WESTFIELD – Fort Meadow Early Education Center Principal Joanne Hentnick said the first day of school on Monday, Sept. 28 went very well.

“It was very exciting, so nice to see the children after all this time,” she said, adding that in many ways it was like any other first day. Some children were excited to get in the door, and others were a little reluctant. “There was some crying, but not a lot,” Hentnick said.

Hentnick said there have been a lot of modifications made at the school. Instead of using the front door for arrival and dismissal for example, there are painted paw prints on the playground which are socially distanced. She said they worked with the children to have them stand on the paw prints as they waited to go in.

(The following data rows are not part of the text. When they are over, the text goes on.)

(* Let $\alpha\geq 0$ and $r_\alpha(x)=\|x\|_1-\alpha\|x\|_2$ on $\mathbb{R}^N$. Let $l:\mathbb{R}^N\to\mathbb{R}$ be differentiable with $\|\nabla l(x)-\nabla l(y)\|_2\leq L\|x-y\|_2$ for all $x,y$, for some $L>0$. Define $E(x)=r_\alpha(x)+l(x)$ and assume that $E$ is coercive, i.e., $E(x)\to+\infty$ as $\|x\|_2\to+\infty$. Let $0<\lambda<1/L$, let $x^0\in\mathbb{R}^N$, and let $(x^k)$ be generated by the forward-backward splitting iteration $$x^{k+1}\in\operatorname{argmin}_{x}\ \Big(r_\alpha(x)+\frac{1}{2\lambda}\big\|x-(x^k-\lambda\nabla l(x^k))\big\|_2^2\Big).$$ Then the sequence of objective values $E(x^k)$ is decreasing, there exists a subsequence of $(x^k)$ that converges to a stationary point of $E$, and every limit point of $(x^k)$ is a stationary point of $E$.
   Context: A stationary point of $E$ is a point $x$ satisfying the first-order optimality condition $0\in\partial r_\alpha(x)+\nabla l(x)$, where $\partial$ denotes the (limiting) subdifferential. *)

theory Defs
  imports "HOL-Analysis.Analysis"
begin

text \<open>l1 norm on R^N, modelled as real ^ 'n.  The Euclidean norm is the library norm.\<close>
definition l1norm :: "real ^ 'n \<Rightarrow> real" where
  "l1norm x = (\<Sum>i\<in>UNIV. \<bar>x $ i\<bar>)"

definition r_alpha :: "real \<Rightarrow> real ^ 'n \<Rightarrow> real" where
  "r_alpha \<alpha> x = l1norm x - \<alpha> * norm x"

definition frechet_subdiff :: "(real ^ 'n \<Rightarrow> real) \<Rightarrow> real ^ 'n \<Rightarrow> (real ^ 'n) set" where
  "frechet_subdiff f x = {v. \<forall>\<epsilon>>0. \<exists>\<delta>>0. \<forall>y. norm (y - x) < \<delta> \<longrightarrow>
      f y \<ge> f x + inner v (y - x) - \<epsilon> * norm (y - x)}"

definition limiting_subdiff :: "(real ^ 'n \<Rightarrow> real) \<Rightarrow> real ^ 'n \<Rightarrow> (real ^ 'n) set" where
  "limiting_subdiff f x = {v. \<exists>xs vs. (xs \<longlonglongrightarrow> x) \<and> ((\<lambda>k. f (xs k)) \<longlonglongrightarrow> f x)
      \<and> (vs \<longlonglongrightarrow> v) \<and> (\<forall>k. vs k \<in> frechet_subdiff f (xs k))}"

text \<open>Stationary point of E = r_alpha + l, with gradient g of l: 0 \<in> \<partial>r_alpha(x) + g x.\<close>
definition stationary_point :: "real \<Rightarrow> (real ^ 'n \<Rightarrow> real ^ 'n) \<Rightarrow> real ^ 'n \<Rightarrow> bool" where
  "stationary_point \<alpha> g x \<longleftrightarrow> - g x \<in> limiting_subdiff (r_alpha \<alpha>) x"

end

theory Submission
  imports Defs
begin

text \<open>
  Since l has an L-Lipschitz gradient, l lies below its linearisation plus L/2 |h|^2. Comparing
  the proximal minimiser x(k+1) with the competitor x(k) therefore gives the sufficient decrease
  E(x(k+1)) \<le> E(x(k)) - (1/(2 lam) - L/2) |x(k+1) - x(k)|^2, whose constant is positive because
  lam < 1/L. Coercivity makes E bounded below and the iterates bounded, so the squared increments
  are summable, the increments tend to 0, and a convergent subsequence exists. The optimality
  condition of the proximal step puts -(x(k+1) - x(k))/lam - g(x(k)) into the Frechet
  subdifferential of r_alpha at x(k+1); along a subsequence converging to z these vectors tend to
  -g(z), and continuity of r_alpha supplies the convergence of function values required by the
  limiting subdifferential.
\<close>

lemma norm_add_power2:
  fixes u w :: "'a::real_inner"
  shows "(norm (u + w))\<^sup>2 = (norm u)\<^sup>2 + 2 * inner u w + (norm w)\<^sup>2"
  using dot_norm[of u w] by simp

lemma descent_lemma:
  fixes l :: "'a::real_inner \<Rightarrow> real" and g :: "'a \<Rightarrow> 'a"
  assumes grad: "\<And>y. (l has_derivative (\<lambda>h. inner (g y) h)) (at y)"
    and lip: "\<And>y z. norm (g y - g z) \<le> L * norm (y - z)"
  shows "l (a + h) \<le> l a + inner (g a) h + L / 2 * (norm h)\<^sup>2"
proof -
  define \<phi> where "\<phi> t = l (a + t *\<^sub>R h) - t * inner (g a) h - L / 2 * t\<^sup>2 * (norm h)\<^sup>2" for t
  define \<phi>' where "\<phi>' t = inner (g (a + t *\<^sub>R h) - g a) h - L * t * (norm h)\<^sup>2" for t
  have "(\<phi> has_real_derivative \<phi>' t) (at t)" for t
  proof -
    have "((\<lambda>t. l (a + t *\<^sub>R h)) has_derivative (\<lambda>s. inner (g (a + t *\<^sub>R h)) (s *\<^sub>R h))) (at t)"
      by (rule has_derivative_compose[OF _ grad]) (auto intro!: derivative_eq_intros)
    then show ?thesis unfolding \<phi>_def[abs_def] \<phi>'_def has_field_derivative_def
      by (auto intro!: derivative_eq_intros simp: inner_diff_left algebra_simps)
  qed
  then obtain t where t: "0 < t" "t < 1" "\<phi> 1 - \<phi> 0 = \<phi>' t"
    using MVT2[of 0 1 \<phi> \<phi>'] by auto
  have "inner (g (a + t *\<^sub>R h) - g a) h \<le> norm (g (a + t *\<^sub>R h) - g a) * norm h"
    by (rule norm_cauchy_schwarz)
  also have "\<dots> \<le> L * norm (t *\<^sub>R h) * norm h"
    using lip[of "a + t *\<^sub>R h" a] by (simp add: mult_right_mono)
  also have "\<dots> = L * t * (norm h)\<^sup>2" using t by (simp add: power2_eq_square)
  finally have "\<phi>' t \<le> 0" unfolding \<phi>'_def by simp
  with t show ?thesis unfolding \<phi>_def by simp
qed

lemma prox_point_frechet_subdiff:
  fixes r :: "real ^ 'n \<Rightarrow> real"
  assumes lam: "lam > 0"
    and prox: "\<forall>y. r p + 1 / (2 * lam) * (norm (p - d))\<^sup>2 \<le> r y + 1 / (2 * lam) * (norm (y - d))\<^sup>2"
  shows "- (1 / lam) *\<^sub>R (p - d) \<in> frechet_subdiff r p"
  unfolding frechet_subdiff_def
proof (intro CollectI allI impI)
  fix \<epsilon> :: real assume "\<epsilon> > 0"
  show "\<exists>\<delta>>0. \<forall>y. norm (y - p) < \<delta> \<longrightarrow>
      r y \<ge> r p + inner (- (1 / lam) *\<^sub>R (p - d)) (y - p) - \<epsilon> * norm (y - p)"
  proof (intro exI[of _ "2 * lam * \<epsilon>"] conjI allI impI)
    show "2 * lam * \<epsilon> > 0" using lam \<open>\<epsilon> > 0\<close> by simp
    fix y assume y: "norm (y - p) < 2 * lam * \<epsilon>"
    have "r p + (norm (p - d))\<^sup>2 / (2 * lam) \<le>
        r y + ((norm (y - p))\<^sup>2 + 2 * inner (y - p) (p - d) + (norm (p - d))\<^sup>2) / (2 * lam)"
      using prox[rule_format, of y] norm_add_power2[of "y - p" "p - d"] by simp
    then have "r p \<le> r y + (norm (y - p))\<^sup>2 / (2 * lam) + inner (y - p) (p - d) / lam"
      using lam by (simp add: add_divide_distrib)
    moreover have "norm (y - p) * norm (y - p) \<le> norm (y - p) * (2 * lam * \<epsilon>)"
      using y by (intro mult_left_mono) auto
    then have "(norm (y - p))\<^sup>2 / (2 * lam) \<le> \<epsilon> * norm (y - p)"
      using lam by (simp add: power2_eq_square divide_le_eq mult_ac)
    ultimately show "r y \<ge> r p + inner (- (1 / lam) *\<^sub>R (p - d)) (y - p) - \<epsilon> * norm (y - p)"
      by (simp add: inner_commute)
  qed
qed

lemma forward_backward_sufficient_decrease:
  fixes r l :: "'a::real_inner \<Rightarrow> real" and g :: "'a \<Rightarrow> 'a"
  assumes grad: "\<And>y. (l has_derivative (\<lambda>h. inner (g y) h)) (at y)"
    and lip: "\<And>y z. norm (g y - g z) \<le> L * norm (y - z)"
    and lam: "lam > 0"
    and prox: "\<forall>y. r p + 1 / (2 * lam) * (norm (p - (x - lam *\<^sub>R g x)))\<^sup>2
                \<le> r y + 1 / (2 * lam) * (norm (y - (x - lam *\<^sub>R g x)))\<^sup>2"
  shows "r p + l p \<le> r x + l x - (1 / (2 * lam) - L / 2) * (norm (p - x))\<^sup>2"
proof -
  have "p - (x - lam *\<^sub>R g x) = (p - x) + lam *\<^sub>R g x" "x - (x - lam *\<^sub>R g x) = lam *\<^sub>R g x"
    by simp_all
  then have "r p + ((norm (p - x))\<^sup>2 + 2 * inner (p - x) (lam *\<^sub>R g x) + (norm (lam *\<^sub>R g x))\<^sup>2) / (2 * lam)
      \<le> r x + (norm (lam *\<^sub>R g x))\<^sup>2 / (2 * lam)"
    using prox[rule_format, of x] by (simp only: norm_add_power2) simp
  then have "r p + (norm (p - x))\<^sup>2 / (2 * lam) + inner (g x) (p - x) \<le> r x"
    using lam by (simp add: add_divide_distrib inner_commute)
  moreover have "l p \<le> l x + inner (g x) (p - x) + L / 2 * (norm (p - x))\<^sup>2"
    using descent_lemma[OF grad lip, of x "p - x"] by simp
  ultimately show ?thesis by (simp add: algebra_simps)
qed

lemma coercive_imp_bounded_sublevel:
  fixes f :: "'a::real_normed_vector \<Rightarrow> real"
  assumes "filterlim f at_top at_infinity"
  shows "bounded {y. f y \<le> c}"
proof -
  have "eventually (\<lambda>y. c < f y) at_infinity"
    using assms unfolding filterlim_at_top_dense by blast
  then obtain b where "\<And>y. b \<le> norm y \<Longrightarrow> c < f y"
    unfolding eventually_at_infinity by blast
  then show ?thesis
    unfolding bounded_iff by (metis linorder_not_le mem_Collect_eq order_less_imp_le)
qed

lemma continuous_coercive_imp_bdd_below:
  fixes f :: "'a::{heine_borel, real_normed_vector} \<Rightarrow> real"
  assumes cont: "continuous_on UNIV f" and coercive: "filterlim f at_top at_infinity"
  shows "bdd_below (range f)"
proof -
  define S where "S = {y. f y \<le> f 0}"
  have "compact S"
    unfolding S_def compact_eq_bounded_closed
    using coercive_imp_bounded_sublevel[OF coercive] closed_Collect_le[OF cont continuous_on_const]
    by blast
  moreover have "0 \<in> S" unfolding S_def by simp
  ultimately obtain z where "z \<in> S" "\<forall>y\<in>S. f z \<le> f y"
    using continuous_attains_inf[of S f] continuous_on_subset[OF cont] by blast
  then have "f z \<le> f y" for y unfolding S_def by (cases "y \<in> S") (auto simp: S_def)
  then show ?thesis by (intro bdd_belowI2)
qed

lemma sufficient_decrease_imp_increments_tendsto_zero:
  fixes E :: "nat \<Rightarrow> real" and D :: "nat \<Rightarrow> 'a::real_normed_vector"
  assumes c: "c > 0"
    and dec: "\<And>k. E (Suc k) \<le> E k - c * (norm (D k))\<^sup>2"
    and bdd: "bdd_below (range E)"
  shows "D \<longlonglongrightarrow> 0"
proof -
  obtain m where m: "\<And>k. m \<le> E k" using bdd by (auto simp: bdd_below_def)
  have telescope: "(\<Sum>i<n. c * (norm (D i))\<^sup>2) \<le> E 0 - E n" for n
  proof (induction n)
    case (Suc n)
    then show ?case using dec[of n] by simp
  qed simp
  have "summable (\<lambda>i. c * (norm (D i))\<^sup>2)"
    using c telescope m by (intro summableI_nonneg_bounded[where x="E 0 - m"])
      (auto intro: order_trans[OF telescope])
  then have "(\<lambda>i. (1 / c) * (c * (norm (D i))\<^sup>2)) \<longlonglongrightarrow> (1 / c) * 0"
    by (intro tendsto_intros summable_LIMSEQ_zero)
  then have "(\<lambda>i. sqrt ((norm (D i))\<^sup>2)) \<longlonglongrightarrow> sqrt 0"
    using c by (intro tendsto_intros) simp
  then show ?thesis by (simp add: tendsto_norm_zero_iff)
qed

lemma prox_limit_point_in_limiting_subdiff:
  fixes r :: "real ^ 'n \<Rightarrow> real" and g :: "real ^ 'n \<Rightarrow> real ^ 'n"
  assumes lam: "lam > 0"
    and cont_r: "continuous_on UNIV r" and cont_g: "continuous_on UNIV g"
    and prox: "\<And>k. \<forall>y. r (x (Suc k)) + 1 / (2 * lam) * (norm (x (Suc k) - (x k - lam *\<^sub>R g (x k))))\<^sup>2
                \<le> r y + 1 / (2 * lam) * (norm (y - (x k - lam *\<^sub>R g (x k))))\<^sup>2"
    and increments: "(\<lambda>k. x (Suc k) - x k) \<longlonglongrightarrow> 0"
    and s: "strict_mono s" and lim: "(x \<circ> s) \<longlonglongrightarrow> z"
  shows "- g z \<in> limiting_subdiff r z"
proof -
  define ys where "ys j = x (Suc (s j))" for j
  define vs where "vs j = - (1 / lam) *\<^sub>R (x (Suc (s j)) - (x (s j) - lam *\<^sub>R g (x (s j))))" for j
  have xs: "(\<lambda>j. x (s j)) \<longlonglongrightarrow> z" using lim by (simp add: comp_def)
  have ds: "(\<lambda>j. x (Suc (s j)) - x (s j)) \<longlonglongrightarrow> 0"
    using LIMSEQ_subseq_LIMSEQ[OF increments s] by (simp add: comp_def)
  have "(\<lambda>j. x (s j) + (x (Suc (s j)) - x (s j))) \<longlonglongrightarrow> z + 0"
    using xs ds by (intro tendsto_intros)
  then have ys: "ys \<longlonglongrightarrow> z" by (simp add: ys_def[abs_def])
  have "(\<lambda>j. - (1 / lam) *\<^sub>R (x (Suc (s j)) - x (s j)) - g (x (s j))) \<longlonglongrightarrow> - (1 / lam) *\<^sub>R 0 - g z"
    using ds continuous_on_tendsto_compose[OF cont_g xs] by (intro tendsto_intros) auto
  moreover have "vs = (\<lambda>j. - (1 / lam) *\<^sub>R (x (Suc (s j)) - x (s j)) - g (x (s j)))"
    using lam by (simp add: vs_def fun_eq_iff algebra_simps)
  ultimately have vs: "vs \<longlonglongrightarrow> - g z" by simp
  have "(\<lambda>j. r (ys j)) \<longlonglongrightarrow> r z"
    using continuous_on_tendsto_compose[OF cont_r ys] by simp
  moreover have "vs j \<in> frechet_subdiff r (ys j)" for j
    unfolding vs_def ys_def by (rule prox_point_frechet_subdiff[OF lam prox])
  ultimately show ?thesis
    unfolding limiting_subdiff_def using ys vs by blast
qed

lemma continuous_on_r_alpha: "continuous_on UNIV (r_alpha \<alpha>)"
  unfolding r_alpha_def[abs_def] l1norm_def by (intro continuous_intros)

theorem theorem1:
  fixes \<alpha> L lam :: real
    and l :: "real ^ 'n \<Rightarrow> real"
    and g :: "real ^ 'n \<Rightarrow> real ^ 'n"
    and x :: "nat \<Rightarrow> real ^ 'n"
  assumes alpha: "\<alpha> \<ge> 0"
    and grad: "\<And>y. (l has_derivative (\<lambda>h. inner (g y) h)) (at y)"
    and Lpos: "L > 0"
    and lip: "\<And>y z. norm (g y - g z) \<le> L * norm (y - z)"
    and coercive: "filterlim (\<lambda>y. r_alpha \<alpha> y + l y) at_top at_infinity"
    and step: "lam > 0" "lam < 1 / L"
    and iter: "\<And>k. \<forall>y. r_alpha \<alpha> (x (Suc k))
                  + 1 / (2 * lam) * (norm (x (Suc k) - (x k - lam *\<^sub>R g (x k))))\<^sup>2
                \<le> r_alpha \<alpha> y + 1 / (2 * lam) * (norm (y - (x k - lam *\<^sub>R g (x k))))\<^sup>2"
  shows "(\<forall>k. r_alpha \<alpha> (x (Suc k)) + l (x (Suc k)) \<le> r_alpha \<alpha> (x k) + l (x k))
    \<and> (\<exists>s xs. strict_mono s \<and> ((x \<circ> s) \<longlonglongrightarrow> xs) \<and> stationary_point \<alpha> g xs)
    \<and> (\<forall>s xs. strict_mono s \<and> ((x \<circ> s) \<longlonglongrightarrow> xs) \<longrightarrow> stationary_point \<alpha> g xs)"
proof -
  define E where "E y = r_alpha \<alpha> y + l y" for y
  define c where "c = 1 / (2 * lam) - L / 2"
  have "c > 0" using step Lpos by (simp add: c_def field_simps)
  have decrease: "E (x (Suc k)) \<le> E (x k) - c * (norm (x (Suc k) - x k))\<^sup>2" for k
    unfolding E_def c_def using forward_backward_sufficient_decrease[OF grad lip step(1) iter] .
  have monotone: "E (x (Suc k)) \<le> E (x k)" for k
    using decrease[of k] mult_nonneg_nonneg[OF less_imp_le[OF \<open>c > 0\<close>] zero_le_power2[of "norm (x (Suc k) - x k)"]]
    by linarith
  have "continuous_on UNIV l"
    using grad by (meson continuous_at_imp_continuous_on has_derivative_continuous)
  then have cont_E: "continuous_on UNIV E"
    unfolding E_def[abs_def] by (intro continuous_on_add continuous_on_r_alpha)
  have "bdd_below (range (\<lambda>k. E (x k)))"
    using continuous_coercive_imp_bdd_below[OF cont_E coercive[folded E_def]]
    by (rule bdd_below_mono) auto
  then have increments: "(\<lambda>k. x (Suc k) - x k) \<longlonglongrightarrow> 0"
    by (rule sufficient_decrease_imp_increments_tendsto_zero[where E="\<lambda>k. E (x k)", OF \<open>c > 0\<close> decrease])
  have "E (x k) \<le> E (x 0)" for k
    by (induction k) (use monotone order_trans in auto)
  then have "bounded (range x)"
    using bounded_subset[OF coercive_imp_bounded_sublevel[OF coercive[folded E_def]]] by blast
  then obtain s z where "strict_mono s" "(x \<circ> s) \<longlonglongrightarrow> z"
    using bounded_imp_convergent_subsequence by blast
  moreover have "continuous_on UNIV g"
    using Lpos lip by (intro lipschitz_on_continuous_on[of L]) (simp add: lipschitz_on_def dist_norm)
  then have "stationary_point \<alpha> g z" if "strict_mono s" "(x \<circ> s) \<longlonglongrightarrow> z" for s z
    unfolding stationary_point_def
    using prox_limit_point_in_limiting_subdiff[OF step(1) continuous_on_r_alpha _ iter increments that]
    by blast
  ultimately show ?thesis
    using monotone unfolding E_def by blast
qed

end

She said the second day went even better. “The majority of children wore their masks without any problem. The staff always keep their masks on,” Hentnick said, adding that it’s a skill they will work on. She said if a child needs a mask break, they “absolutely” can get a mask break, and there are places to go where they can take their masks off while socially distanced.

Another change is the morning and afternoon sessions are a half hour shorter, with a break in the middle to thoroughly clean the classrooms. “Two hours go by like a blink of an eye,” Hentnick said.

All the toys in each classroom are divided into baskets. The children have a choice of a play area, such as the block center, where they can set up buildings with blocks, cars and people; or the housekeeping center, which has a stove and sink, with a basket of play dishes and utensils. Hentnick said toys are separated by activity, and once the child is done with that set of toys, it goes into the dirty pile, and gets cleaned in the middle of the day.

Hentnick said more than one child can use a center, for example one child may be playing at the stove, and another child pretending to eat the food. The classrooms are also marked with paw prints. “They’re still playing together, but not next to each other like they used to,” she said.

All the children have their own kit of school supplies to use to draw, paint or play with play-doh, that is kept only for them. “There’s a lot of work that goes into it, but it’s worth it. Children need to play, that’s how they learn,” Hentnick said.

A Fort Meadow student prepares to make “stone soup.” (PHOTO SUBMITTED)

Fort Meadow has also “beefed up” their playground, and the children are spending a lot of time playing outdoors. Westfield Gas & Electric donated big wire spools, which have been painted with roads to play with cars and as chalkboards for drawing. “Children are spending more time outside than ever before,” Hentnick said, adding, “They’re loving it. I had stone soup made for me yesterday. It was delicious, I had the whole pot for myself.”

“It’s a lot of planning. What we really pride ourselves in with our program is teaching children what the expectations are. In order to do that, we use a lot of visual cues. This week and next week, we’ll be teaching them the visual cues,” Hentnick said.

“In reality, when it’s all going on, it just seems like children are playing. They are distanced, without them even thinking about it,” she added.